Collected data entries
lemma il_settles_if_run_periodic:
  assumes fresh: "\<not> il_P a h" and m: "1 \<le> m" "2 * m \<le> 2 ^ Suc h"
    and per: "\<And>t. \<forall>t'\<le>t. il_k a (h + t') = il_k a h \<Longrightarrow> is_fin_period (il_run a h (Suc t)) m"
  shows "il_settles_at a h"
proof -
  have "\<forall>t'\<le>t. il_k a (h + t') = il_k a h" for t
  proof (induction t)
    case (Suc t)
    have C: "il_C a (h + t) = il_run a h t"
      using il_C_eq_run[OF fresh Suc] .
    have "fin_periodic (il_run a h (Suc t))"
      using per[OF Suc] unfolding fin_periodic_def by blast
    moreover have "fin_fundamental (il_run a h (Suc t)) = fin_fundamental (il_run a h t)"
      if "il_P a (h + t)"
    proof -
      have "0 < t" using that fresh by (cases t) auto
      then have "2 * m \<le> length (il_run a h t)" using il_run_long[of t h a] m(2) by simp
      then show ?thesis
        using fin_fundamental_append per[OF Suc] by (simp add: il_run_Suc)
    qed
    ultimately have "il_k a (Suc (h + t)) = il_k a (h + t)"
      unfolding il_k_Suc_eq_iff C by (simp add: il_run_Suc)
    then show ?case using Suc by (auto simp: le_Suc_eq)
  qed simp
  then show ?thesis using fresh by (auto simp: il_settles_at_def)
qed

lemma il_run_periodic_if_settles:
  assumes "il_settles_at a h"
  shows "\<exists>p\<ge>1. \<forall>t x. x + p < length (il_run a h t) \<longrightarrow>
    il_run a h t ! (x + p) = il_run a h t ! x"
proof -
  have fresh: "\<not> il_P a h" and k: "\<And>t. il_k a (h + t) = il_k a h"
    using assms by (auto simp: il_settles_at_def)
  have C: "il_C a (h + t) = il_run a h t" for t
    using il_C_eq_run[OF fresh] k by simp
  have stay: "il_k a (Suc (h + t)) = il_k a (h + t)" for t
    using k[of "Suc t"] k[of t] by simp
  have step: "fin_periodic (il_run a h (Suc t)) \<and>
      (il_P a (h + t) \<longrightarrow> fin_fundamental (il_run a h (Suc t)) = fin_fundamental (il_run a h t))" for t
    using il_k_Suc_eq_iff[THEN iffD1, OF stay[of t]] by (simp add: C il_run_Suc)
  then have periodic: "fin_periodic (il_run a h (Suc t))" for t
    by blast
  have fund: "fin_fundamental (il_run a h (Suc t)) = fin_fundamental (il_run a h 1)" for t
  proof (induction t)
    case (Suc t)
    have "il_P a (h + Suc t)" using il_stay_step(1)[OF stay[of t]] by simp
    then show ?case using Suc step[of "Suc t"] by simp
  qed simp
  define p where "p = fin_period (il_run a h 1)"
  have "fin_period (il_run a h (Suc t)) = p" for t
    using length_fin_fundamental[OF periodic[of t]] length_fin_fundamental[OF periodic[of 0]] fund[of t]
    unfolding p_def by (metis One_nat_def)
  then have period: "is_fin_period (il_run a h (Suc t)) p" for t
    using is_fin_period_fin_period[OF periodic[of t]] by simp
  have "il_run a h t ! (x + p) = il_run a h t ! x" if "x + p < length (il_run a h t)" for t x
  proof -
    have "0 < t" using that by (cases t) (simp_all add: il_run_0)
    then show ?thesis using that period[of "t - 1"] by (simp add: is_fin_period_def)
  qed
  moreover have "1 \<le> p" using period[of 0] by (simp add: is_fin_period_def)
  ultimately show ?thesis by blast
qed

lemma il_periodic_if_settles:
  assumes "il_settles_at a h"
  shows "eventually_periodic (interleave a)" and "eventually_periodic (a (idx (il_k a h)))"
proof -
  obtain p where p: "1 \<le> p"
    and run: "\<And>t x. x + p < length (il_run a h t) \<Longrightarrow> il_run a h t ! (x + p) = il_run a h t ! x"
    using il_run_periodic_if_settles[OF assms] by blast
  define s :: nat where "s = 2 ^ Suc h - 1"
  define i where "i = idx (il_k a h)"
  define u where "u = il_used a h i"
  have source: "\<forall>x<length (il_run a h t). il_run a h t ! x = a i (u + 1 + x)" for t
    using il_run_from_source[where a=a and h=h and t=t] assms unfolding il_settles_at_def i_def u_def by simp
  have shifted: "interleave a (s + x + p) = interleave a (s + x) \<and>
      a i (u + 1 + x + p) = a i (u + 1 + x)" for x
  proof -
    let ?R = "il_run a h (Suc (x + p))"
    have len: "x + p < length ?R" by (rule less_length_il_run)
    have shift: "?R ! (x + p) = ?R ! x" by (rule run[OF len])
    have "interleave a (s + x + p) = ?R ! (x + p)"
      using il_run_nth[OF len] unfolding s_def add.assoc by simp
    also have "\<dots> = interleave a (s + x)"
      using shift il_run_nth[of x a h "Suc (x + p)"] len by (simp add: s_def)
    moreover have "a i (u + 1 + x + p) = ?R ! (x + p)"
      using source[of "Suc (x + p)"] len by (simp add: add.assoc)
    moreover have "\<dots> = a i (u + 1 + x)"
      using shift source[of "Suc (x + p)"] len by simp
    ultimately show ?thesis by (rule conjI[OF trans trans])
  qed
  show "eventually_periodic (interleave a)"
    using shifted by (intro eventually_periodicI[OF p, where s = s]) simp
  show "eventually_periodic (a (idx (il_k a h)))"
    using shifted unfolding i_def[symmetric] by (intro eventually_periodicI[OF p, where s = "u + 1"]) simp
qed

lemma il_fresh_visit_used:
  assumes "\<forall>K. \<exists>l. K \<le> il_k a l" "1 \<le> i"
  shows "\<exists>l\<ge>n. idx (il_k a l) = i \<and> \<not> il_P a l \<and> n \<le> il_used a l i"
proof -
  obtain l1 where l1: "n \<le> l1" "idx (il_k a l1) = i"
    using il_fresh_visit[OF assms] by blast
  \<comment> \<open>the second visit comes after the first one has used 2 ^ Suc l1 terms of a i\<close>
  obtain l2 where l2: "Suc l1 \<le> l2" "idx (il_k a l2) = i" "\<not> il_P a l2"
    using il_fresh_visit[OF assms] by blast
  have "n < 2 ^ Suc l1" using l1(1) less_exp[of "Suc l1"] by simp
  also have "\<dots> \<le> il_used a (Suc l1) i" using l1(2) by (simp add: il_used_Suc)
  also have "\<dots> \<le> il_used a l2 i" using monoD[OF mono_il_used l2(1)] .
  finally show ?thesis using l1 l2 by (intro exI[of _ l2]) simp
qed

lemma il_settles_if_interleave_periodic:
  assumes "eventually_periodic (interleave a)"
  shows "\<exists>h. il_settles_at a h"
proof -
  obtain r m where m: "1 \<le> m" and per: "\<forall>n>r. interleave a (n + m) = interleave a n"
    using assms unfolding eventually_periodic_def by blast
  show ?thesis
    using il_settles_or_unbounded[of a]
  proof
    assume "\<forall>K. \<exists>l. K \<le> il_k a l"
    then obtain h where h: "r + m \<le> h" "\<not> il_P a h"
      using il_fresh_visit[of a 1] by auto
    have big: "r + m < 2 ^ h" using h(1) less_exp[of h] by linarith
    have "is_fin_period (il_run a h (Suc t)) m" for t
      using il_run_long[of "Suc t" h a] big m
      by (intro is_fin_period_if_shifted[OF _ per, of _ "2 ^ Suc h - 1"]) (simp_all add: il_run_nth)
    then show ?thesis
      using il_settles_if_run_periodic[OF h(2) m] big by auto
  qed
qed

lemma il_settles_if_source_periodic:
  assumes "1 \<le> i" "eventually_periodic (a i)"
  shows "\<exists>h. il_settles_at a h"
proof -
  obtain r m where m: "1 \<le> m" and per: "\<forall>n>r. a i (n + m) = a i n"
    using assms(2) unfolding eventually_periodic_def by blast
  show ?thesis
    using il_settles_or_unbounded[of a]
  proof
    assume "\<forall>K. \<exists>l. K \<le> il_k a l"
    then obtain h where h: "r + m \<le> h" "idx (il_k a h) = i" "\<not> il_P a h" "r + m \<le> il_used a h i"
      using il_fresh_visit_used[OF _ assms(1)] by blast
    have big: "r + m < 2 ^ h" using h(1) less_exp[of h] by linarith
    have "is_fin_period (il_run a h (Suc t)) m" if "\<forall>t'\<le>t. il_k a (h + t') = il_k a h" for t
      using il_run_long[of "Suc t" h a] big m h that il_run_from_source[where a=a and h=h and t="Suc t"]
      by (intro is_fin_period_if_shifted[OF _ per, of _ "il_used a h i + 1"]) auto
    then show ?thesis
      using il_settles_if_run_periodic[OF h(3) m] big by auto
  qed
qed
* * *
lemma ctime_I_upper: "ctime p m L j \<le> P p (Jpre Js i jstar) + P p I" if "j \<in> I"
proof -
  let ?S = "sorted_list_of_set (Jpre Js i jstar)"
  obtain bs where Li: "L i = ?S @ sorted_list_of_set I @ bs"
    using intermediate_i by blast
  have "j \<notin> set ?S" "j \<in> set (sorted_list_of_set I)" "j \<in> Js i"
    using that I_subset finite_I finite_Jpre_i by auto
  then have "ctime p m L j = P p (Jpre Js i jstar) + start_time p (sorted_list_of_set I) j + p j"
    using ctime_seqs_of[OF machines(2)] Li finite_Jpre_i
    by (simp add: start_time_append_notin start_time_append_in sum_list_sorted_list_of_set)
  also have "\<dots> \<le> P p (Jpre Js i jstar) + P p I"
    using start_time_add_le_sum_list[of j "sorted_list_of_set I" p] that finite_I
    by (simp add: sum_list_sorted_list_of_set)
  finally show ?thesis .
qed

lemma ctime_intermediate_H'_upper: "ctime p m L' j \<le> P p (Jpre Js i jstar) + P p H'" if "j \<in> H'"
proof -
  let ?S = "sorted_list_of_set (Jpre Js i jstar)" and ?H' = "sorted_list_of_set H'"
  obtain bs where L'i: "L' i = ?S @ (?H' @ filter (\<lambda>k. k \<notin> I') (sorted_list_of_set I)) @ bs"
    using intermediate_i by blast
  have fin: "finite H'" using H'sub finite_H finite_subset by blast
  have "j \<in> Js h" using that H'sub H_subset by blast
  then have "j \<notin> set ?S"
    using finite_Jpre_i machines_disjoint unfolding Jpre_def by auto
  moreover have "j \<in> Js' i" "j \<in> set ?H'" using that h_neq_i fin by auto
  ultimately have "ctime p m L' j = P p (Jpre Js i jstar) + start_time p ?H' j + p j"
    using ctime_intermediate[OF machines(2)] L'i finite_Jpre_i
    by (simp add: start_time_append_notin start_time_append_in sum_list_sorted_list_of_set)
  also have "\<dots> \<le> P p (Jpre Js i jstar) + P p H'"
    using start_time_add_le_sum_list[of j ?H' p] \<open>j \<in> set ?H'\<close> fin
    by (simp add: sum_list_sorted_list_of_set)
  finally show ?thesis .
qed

* **WHAT THIS TASK INVOLVES**: Go through the records and count the lines that include "rule", then give only that number.

* **EXERCISE RESULT**: 3